The first major clue came in 2015 when the carcass of a bowhead calf was discovered with tears matching killer-whale teeth.

Examination of the other dead whales found several others with tell-tale signs of killer-whale predation, like “missing jaws, missing tongue, semi-circular bite marks, or rake marks,” study co-author Raphaela Stimmelmayr, a wildlife veterinarian with the North Slope Borough, said in a statement issued by NOAA.

The new study builds on the previous research that documented the increasing trend of scarring on harvested bowheads. But those harvested whales were animals that survived their killer whale attacks, “and it is impossible to determine when or where the unsuccessful attack occurred,” lead author Amy Willoughby of NOAA and the University of Washington, said by email.

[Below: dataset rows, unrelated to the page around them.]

lemma G_split:
  assumes "fst \<kappa> \<ge> 1" "\<kappa> \<noteq> (1, AB)"
    and "\<And>p. cint_le p \<kappa> \<and> p \<noteq> \<kappa> \<longleftrightarrow> cint_le p \<pi>"
    and "\<And>p. diff_ok \<kappa> p \<longleftrightarrow> cint_le p \<alpha>"
  shows "G \<kappa> q a b = G \<pi> q a b + part_weight \<kappa> q a b * G \<alpha> q a b"
proof -
  note split = partitions_le_split[OF assms]
  have "G \<kappa> q a b = G \<pi> q a b + (\<Sum>xs\<in>Cons \<kappa> ` partitions_le \<alpha>. weight xs q a b)"
    unfolding G_eq_sum_partitions_le split(1)
    by (rule sum.union_disjoint) (use split(2) finite_partitions_le in auto)
  also have "(\<Sum>xs\<in>Cons \<kappa> ` partitions_le \<alpha>. weight xs q a b) = part_weight \<kappa> q a b * G \<alpha> q a b"
    by (simp add: sum.reindex G_eq_sum_partitions_le weight_Cons sum_distrib_left)
  finally show ?thesis .
qed

lemma G_empty:
  assumes "\<And>p. fst p \<ge> 1 \<Longrightarrow> p \<noteq> (1, AB) \<Longrightarrow> \<not> cint_le p \<kappa>"
  shows "G \<kappa> q a b = 1"
proof -
  have "partitions_le \<kappa> = {[]}"
  proof (intro set_eqI iffI)
    fix xs assume "xs \<in> partitions_le \<kappa>"
    then show "xs \<in> {[]}"
      using assms by (cases xs) (auto simp: partitions_le_def admissible_Cons_iff)
  qed (simp add: partitions_le_def)
  then show ?thesis
    by (simp add: G_eq_sum_partitions_le)
qed

lemma G_zero: "G (0, c) q a b = 1"
  by (rule G_empty) (auto simp: cint_le_def)

lemma G_one_AB: "G (1, AB) q a b = 1"
proof (rule G_empty)
  fix p :: cint
  assume "fst p \<ge> 1" "p \<noteq> (1, AB)"
  then show "\<not> cint_le p (1, AB)"
    by (cases p; cases "snd p") (auto simp: cint_le_def)
qed

lemma G_Suc_CB:
  "G (Suc n, CB) q a b = G (Suc n, CA) q a b + b * q ^ Suc n * G (n, CB) q a b"
proof -
  have "cint_le p (Suc n, CB) \<and> p \<noteq> (Suc n, CB) \<longleftrightarrow> cint_le p (Suc n, CA)" for p
    by (cases p; cases "snd p") (auto simp: cint_le_def)
  moreover have "diff_ok (Suc n, CB) p \<longleftrightarrow> cint_le p (n, CB)" for p
    by (cases p; cases "snd p") (auto simp: cint_le_def diff_ok_def)
  ultimately show ?thesis
    by (subst G_split[of _ "(Suc n, CA)" "(n, CB)"]) (auto simp: part_weight_def)
qed

lemma G_Suc_CA:
  "G (Suc n, CA) q a b = G (Suc n, AB) q a b + a * q ^ Suc n * G (n, CA) q a b"
proof -
  have "cint_le p (Suc n, CA) \<and> p \<noteq> (Suc n, CA) \<longleftrightarrow> cint_le p (Suc n, AB)" for p
    by (cases p; cases "snd p") (auto simp: cint_le_def)
  moreover have "diff_ok (Suc n, CA) p \<longleftrightarrow> cint_le p (n, CA)" for p
    by (cases p; cases "snd p") (auto simp: cint_le_def diff_ok_def)
  ultimately show ?thesis
    by (subst G_split[of _ "(Suc n, AB)" "(n, CA)"]) (auto simp: part_weight_def)
qed

lemma G_Suc_Suc_AB:
  "G (Suc (Suc n), AB) q a b = G (Suc n, CB) q a b + a * b * q ^ Suc (Suc n) * G (n, CB) q a b"
proof -
  have "cint_le p (Suc (Suc n), AB) \<and> p \<noteq> (Suc (Suc n), AB) \<longleftrightarrow> cint_le p (Suc n, CB)" for p
    by (cases p; cases "snd p") (auto simp: cint_le_def)
  moreover have "diff_ok (Suc (Suc n), AB) p \<longleftrightarrow> cint_le p (n, CB)" for p
    by (cases p; cases "snd p") (auto simp: cint_le_def diff_ok_def)
  ultimately show ?thesis
    by (subst G_split[of _ "(Suc n, CB)" "(n, CB)"]) (auto simp: part_weight_def)
qed

lemma G_one_CB: "G (Suc 0, CB) q a b = 1 + a * q + b * q"
  using G_Suc_CB[of 0 q a b] G_Suc_CA[of 0 q a b] G_one_AB[of q a b] by (simp add: G_zero)

lemma G_CB_recurrence:
  "G (Suc (Suc n), CB) q a b =
     (1 + (a + b) * q ^ (n + 2)) * G (Suc n, CB) q a b
     + a * b * q ^ (n + 2) * (1 - q ^ (n + 1)) * G (n, CB) q a b"
proof -
  have CB: "G (Suc (Suc n), CB) q a b
      = G (Suc (Suc n), CA) q a b + b * q ^ (n + 2) * G (Suc n, CB) q a b"
    using G_Suc_CB[of "Suc n" q a b] by simp
  have CA: "G (Suc (Suc n), CA) q a b
      = G (Suc (Suc n), AB) q a b + a * q ^ (n + 2) * G (Suc n, CA) q a b"
    using G_Suc_CA[of "Suc n" q a b] by simp
  have CA': "G (Suc n, CA) q a b = G (Suc n, CB) q a b - b * q ^ (n + 1) * G (n, CB) q a b"
    using G_Suc_CB[of n q a b] by (simp add: eq_diff_eq)
  show ?thesis
    unfolding CB CA G_Suc_Suc_AB CA' by (simp add: algebra_simps)
qed

lemma linear_recurrence_unique:
  fixes x y :: "nat \<Rightarrow> 'a::semiring"
  assumes "\<And>n. x (Suc (Suc n)) = \<alpha> n * x (Suc n) + \<beta> n * x n"
    and "\<And>n. y (Suc (Suc n)) = \<alpha> n * y (Suc n) + \<beta> n * y n"
    and "x 0 = y 0" "x (Suc 0) = y (Suc 0)"
  shows "x n = y n"
proof -
  have "x n = y n \<and> x (Suc n) = y (Suc n)"
    by (induction n) (use assms in simp_all)
  then show ?thesis ..
qed

lemma G_CB_shift:
  "G (Suc n, CB) q a b + a * b * q ^ (n + 2) * G (n, CB) q a b
     = (1 + a * q) * (1 + b * q) * G (n, CB) q (a * q) (b * q)"
  \<comment> \<open>both sides satisfy the recurrence of \<open>G (n, CB) q (a * q) (b * q)\<close>\<close>
proof (rule linear_recurrence_unique[where
      \<alpha> = "\<lambda>n. 1 + (a + b) * q ^ (n + 3)" and \<beta> = "\<lambda>n. a * b * q ^ (n + 4) * (1 - q ^ (n + 1))"])
  fix n
  show "G (Suc (Suc (Suc n)), CB) q a b + a * b * q ^ (Suc (Suc n) + 2) * G (Suc (Suc n), CB) q a b =
    (1 + (a + b) * q ^ (n + 3)) * (G (Suc (Suc n), CB) q a b + a * b * q ^ (Suc n + 2) * G (Suc n, CB) q a b)
    + a * b * q ^ (n + 4) * (1 - q ^ (n + 1)) * (G (Suc n, CB) q a b + a * b * q ^ (n + 2) * G (n, CB) q a b)"
    by (simp add: G_CB_recurrence power_add algebra_simps eval_nat_numeral)
  show "(1 + a * q) * (1 + b * q) * G (Suc (Suc n), CB) q (a * q) (b * q) =
    (1 + (a + b) * q ^ (n + 3)) * ((1 + a * q) * (1 + b * q) * G (Suc n, CB) q (a * q) (b * q))
    + a * b * q ^ (n + 4) * (1 - q ^ (n + 1)) * ((1 + a * q) * (1 + b * q) * G (n, CB) q (a * q) (b * q))"
    by (simp add: G_CB_recurrence power_add algebra_simps eval_nat_numeral)
qed (simp_all add: G_zero G_one_CB G_CB_recurrence algebra_simps eval_nat_numeral)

“The whales in our study have fresh injuries consistent with killer whale predation which allows us to pinpoint the general location of the successful attack, in this case the northeastern Chukchi and western Beaufort seas,” she said.

Though the key piece of evidence was the dead calf found in 2015, killer whales do not seem to be focusing their predation on the very small bowheads, she said. “Of the 18 bowhead whale carcasses classified as probable killer whale predation, only eight were small whales considered to be calves or yearlings.”

Yet to be determined is what significant impact, if any, the northward movement of killer whales will have on the population of bowheads swimming in the Bering, Chukchi and Beaufort seas, Willoughby said.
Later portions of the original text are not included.